Both can exist on a single exception, though context is suppressed in traceback output if cause has been set.

.NET's InnerException is closest to Python's __cause__. .NET doesn't have the concept of "context".

So far so good. The interesting part is that with a Python ExceptionGroup, none of the provided exceptions are considered to be either the context or cause.

try:
    e1 = Exception("1")
    e2 = Exception("2")
    raise ExceptionGroup("group", [e1, e2])
except ExceptionGroup as eg:
    print (eg.__context__) # None
    print (eg.__cause__)   # None
    print (eg.exceptions)  # (Exception('1'), Exception('2'))

So in theory, one could have completely different context or cause than the exceptions in the group.

e1 = Exception("1")
e2 = Exception("2")
e3 = Exception("3")
e4 = Exception("4")

try:
    try:
        raise e1
    except:
        raise ExceptionGroup("group", [e3, e4]) from e2
except ExceptionGroup as eg:
    print (eg.__context__) # 1
    print (eg.__cause__)   # 2
    print (eg.exceptions)  # (Exception('3'), Exception('4'))
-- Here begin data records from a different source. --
text \<open>Graph distance in the induced subgraph (infinity if no walk exists).\<close>
definition graph_dist :: "('v \<Rightarrow> 'v \<Rightarrow> bool) \<Rightarrow> 'v set \<Rightarrow> 'v \<Rightarrow> 'v \<Rightarrow> enat" where
  "graph_dist E S x y = (INF p \<in> {p. is_walk E S p \<and> hd p = x \<and> last p = y}. enat (length p - 1))"

definition graph_diameter :: "('v \<Rightarrow> 'v \<Rightarrow> bool) \<Rightarrow> 'v set \<Rightarrow> enat" where
  "graph_diameter E S = (SUP x \<in> S. SUP y \<in> S. graph_dist E S x y)"

end

theory Submission
  imports Defs
begin

text \<open>A clopen subset of the Cantor space \<open>2\<^sup>\<nat>\<close> depends on finitely many coordinates. Listing the
  words of the relevant length that lead into the set first, and replacing the \<open>i\<close>-th word by the
  \<open>i\<close>-th word of a complete prefix code whose first words begin with \<open>True\<close> and the others
  with \<open>False\<close>, yields a homeomorphism carrying any non-peripheral cut to the cut by the first coordinate. So the
  homeomorphism group acts transitively on the vertices of the complex of cuts, and a nonempty
  invariant full subgraph is the whole complex. Its diameter is 2: there are crossing cuts, and
  two crossing cuts \<open>U \<sqcup> -U\<close>, \<open>U' \<sqcup> -U'\<close> are both compatible with the cut by a cylinder
  properly contained in \<open>U \<inter> U'\<close>.\<close>

section \<open>Cylinders and clopen subsets of the Cantor space\<close>

definition cylinder :: "nat \<Rightarrow> (nat \<Rightarrow> bool) \<Rightarrow> (nat \<Rightarrow> bool) set" where
  "cylinder n x = {y. \<forall>i<n. y i = x i}"

lemma topspace_cantor_space [simp]: "topspace cantor_space = UNIV"
  by (simp add: cantor_space_def)
lemma square_integral_abs_le_weighted:
  fixes a \<psi> :: "real \<Rightarrow> real"
  assumes a_pos: "\<And>x. x \<in> S \<Longrightarrow> a x > 0"
    and abs_\<psi>_int: "(\<lambda>x. \<bar>\<psi> x\<bar>) integrable_on S"
    and a\<psi>_int: "(\<lambda>x. a x * (\<psi> x)\<^sup>2) integrable_on S"
    and inv_a_int: "(\<lambda>x. 1 / a x) integrable_on S"
  shows "(integral S (\<lambda>x. \<bar>\<psi> x\<bar>))\<^sup>2 \<le> integral S (\<lambda>x. 1 / a x) * integral S (\<lambda>x. a x * (\<psi> x)\<^sup>2)"
proof -
  define I where "I = integral S (\<lambda>x. \<bar>\<psi> x\<bar>)"
  define A where "A = integral S (\<lambda>x. 1 / a x)"
  define P where "P = integral S (\<lambda>x. a x * (\<psi> x)\<^sup>2)"
  have I_nonneg: "0 \<le> I" and A_nonneg: "0 \<le> A" and P_nonneg: "0 \<le> P"
    unfolding I_def A_def P_def using assms
    by (auto intro!: Henstock_Kurzweil_Integration.integral_nonneg simp: less_imp_le)
  have AM_GM: "I \<le> (t * P + A / t) / 2" if "t > 0" for t
    unfolding I_def A_def P_def by (rule integral_abs_le_weighted_AM_GM[OF assms that])
  show ?thesis
  proof (cases "I = 0")
    case False
    then have I_pos: "I > 0" using I_nonneg by simp
    have "P > 0"
    proof (rule ccontr)
      assume "\<not> P > 0"
      then have "I \<le> A * I / (2 * (A + 1))"
        using AM_GM[of "(A + 1) / I"] I_pos A_nonneg P_nonneg by (simp add: field_simps)
      also have "\<dots> < I"
        using I_pos A_nonneg by (simp add: field_simps add_nonneg_pos)
      finally show False by simp
    qed
    then have "I \<le> (I + A * P / I) / 2"
      using AM_GM[of "I / P"] I_pos by simp
    then show ?thesis
      using I_pos unfolding I_def[symmetric] A_def[symmetric] P_def[symmetric]
      by (simp add: field_simps power2_eq_square)
  qed (use A_nonneg P_nonneg I_def A_def P_def in simp)
qed

lemma weak_solutions_energy_inequality:
  fixes a b g u w vu vw :: "real \<Rightarrow> real"
  assumes b_pos: "\<And>x. x \<in> {-L..L} \<Longrightarrow> 0 < b x" and b_cont: "continuous_on {-L..L} b"
    and g_cont: "continuous_on UNIV g"
    and g_semimono: "\<And>x y. - \<mu> * (x - y)\<^sup>2 \<le> (g x - g y) * (x - y)"
    and u: "H1_deriv L u vu" "weak_solution a b g L u vu"
    and w: "H1_deriv L w vw" "weak_solution a b g L w vw"
    and boundary: "u (-L) = w (-L)" "u L = w L"
  shows "(\<lambda>x. a x * (vu x - vw x)\<^sup>2) integrable_on {-L..L}"
    and "integral {-L..L} (\<lambda>x. a x * (vu x - vw x)\<^sup>2) \<le> \<mu> * integral {-L..L} (\<lambda>x. b x * (u x - w x)\<^sup>2)"
proof -
  define X where "X x = b x * (g (u x) - g (w x)) * (u x - w x)" for x
  have "H1_deriv L (\<lambda>x. u x - w x) (\<lambda>x. vu x - vw x)"
    by (rule H1_deriv_diff[OF u(1) w(1)])
  then have "((\<lambda>x. (a x * vu x * (vu x - vw x) + b x * g (u x) * (u x - w x))
      - (a x * vw x * (vu x - vw x) + b x * g (w x) * (u x - w x))) has_integral 0 - 0) {-L..L}"
    using u(2) w(2) boundary unfolding weak_solution_def by (intro has_integral_diff) auto
  then have sum: "((\<lambda>x. a x * (vu x - vw x)\<^sup>2 + X x) has_integral 0) {-L..L}"
    by (auto simp: X_def power2_eq_square algebra_simps elim!: has_integral_eq[rotated])
  have "continuous_on {-L..L} X"
    unfolding X_def using H1_deriv_continuous_on[OF u(1)] H1_deriv_continuous_on[OF w(1)] b_cont
    by (intro continuous_intros continuous_on_compose2[OF g_cont]) auto
  then have X_int: "X integrable_on {-L..L}"
    by (rule integrable_continuous_real)
  have energy: "((\<lambda>x. a x * (vu x - vw x)\<^sup>2) has_integral - integral {-L..L} X) {-L..L}"
    using has_integral_diff[OF sum integrable_integral[OF X_int]] by simp
  then show "(\<lambda>x. a x * (vu x - vw x)\<^sup>2) integrable_on {-L..L}"
    by blast
  have "- integral {-L..L} X \<le> integral {-L..L} (\<lambda>x. \<mu> * (b x * (u x - w x)\<^sup>2))"
    unfolding integral_neg[symmetric]
  proof (rule integral_le)
    show "(\<lambda>x. \<mu> * (b x * (u x - w x)\<^sup>2)) integrable_on {-L..L}"
      using b_cont H1_deriv_continuous_on[OF u(1)] H1_deriv_continuous_on[OF w(1)]
      by (intro integrable_continuous_real continuous_intros)
    show "- X x \<le> \<mu> * (b x * (u x - w x)\<^sup>2)" if "x \<in> {-L..L}" for x
      using mult_left_mono[OF g_semimono[of "u x" "w x"] less_imp_le[OF b_pos[OF that]]]
      by (simp add: X_def algebra_simps)
  qed (rule integrable_neg[OF X_int])
  then show "integral {-L..L} (\<lambda>x. a x * (vu x - vw x)\<^sup>2) \<le> \<mu> * integral {-L..L} (\<lambda>x. b x * (u x - w x)\<^sup>2)"
    using integral_unique[OF energy] by simp
qed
I'm not sure how to rationalize this. Does it mean that exceptions 3 and 4 were also contributing to the cause of the exception group? If we could only pick one exception to show as the next item in the chain, which would it be?

The Sentry Python SDK currently does the following:

if exc_value.__suppress_context__:
    cause = exc_value.__cause__
else:
    cause = exc_value.__context__

Should we simply expand that and say if there's no cause or context, use the first exception of the exception group? (That would align with .NET InnerException = InnerExceptions[0].). If so, which should take precedence?

antonpirker · 2023-03-24T09:23:49Z

I think there are two questions here for Python:

What exception in an exception group to pick as "the problem to fix" of the exception group
How to deal with chained exceptions in exception groups.

For 1) I think we just pick the first exception in eg.exeptions and see if the users complain that this is not what they wan.t

For 2) I guess we can ignore the eg.__context__ and eg.__cause because we are just presenting the user with one Exception and not the entire ExceptionGroup. And possible cause of the one Exception should be handled the same way as we deal now with chained exceptions.

This of course just the first step. To get some handling of ExceptionGroup out there and then we can collect feedback and improve the solution over time.

mattjohnsonpint · 2023-03-24T18:26:18Z

@antonpirker - Are you suggesting that __cause__ always be ignored on an ExceptionGroup, and we'd use exceptions[0] instead? Or should we use exceptions[0] only if __cause__ is None?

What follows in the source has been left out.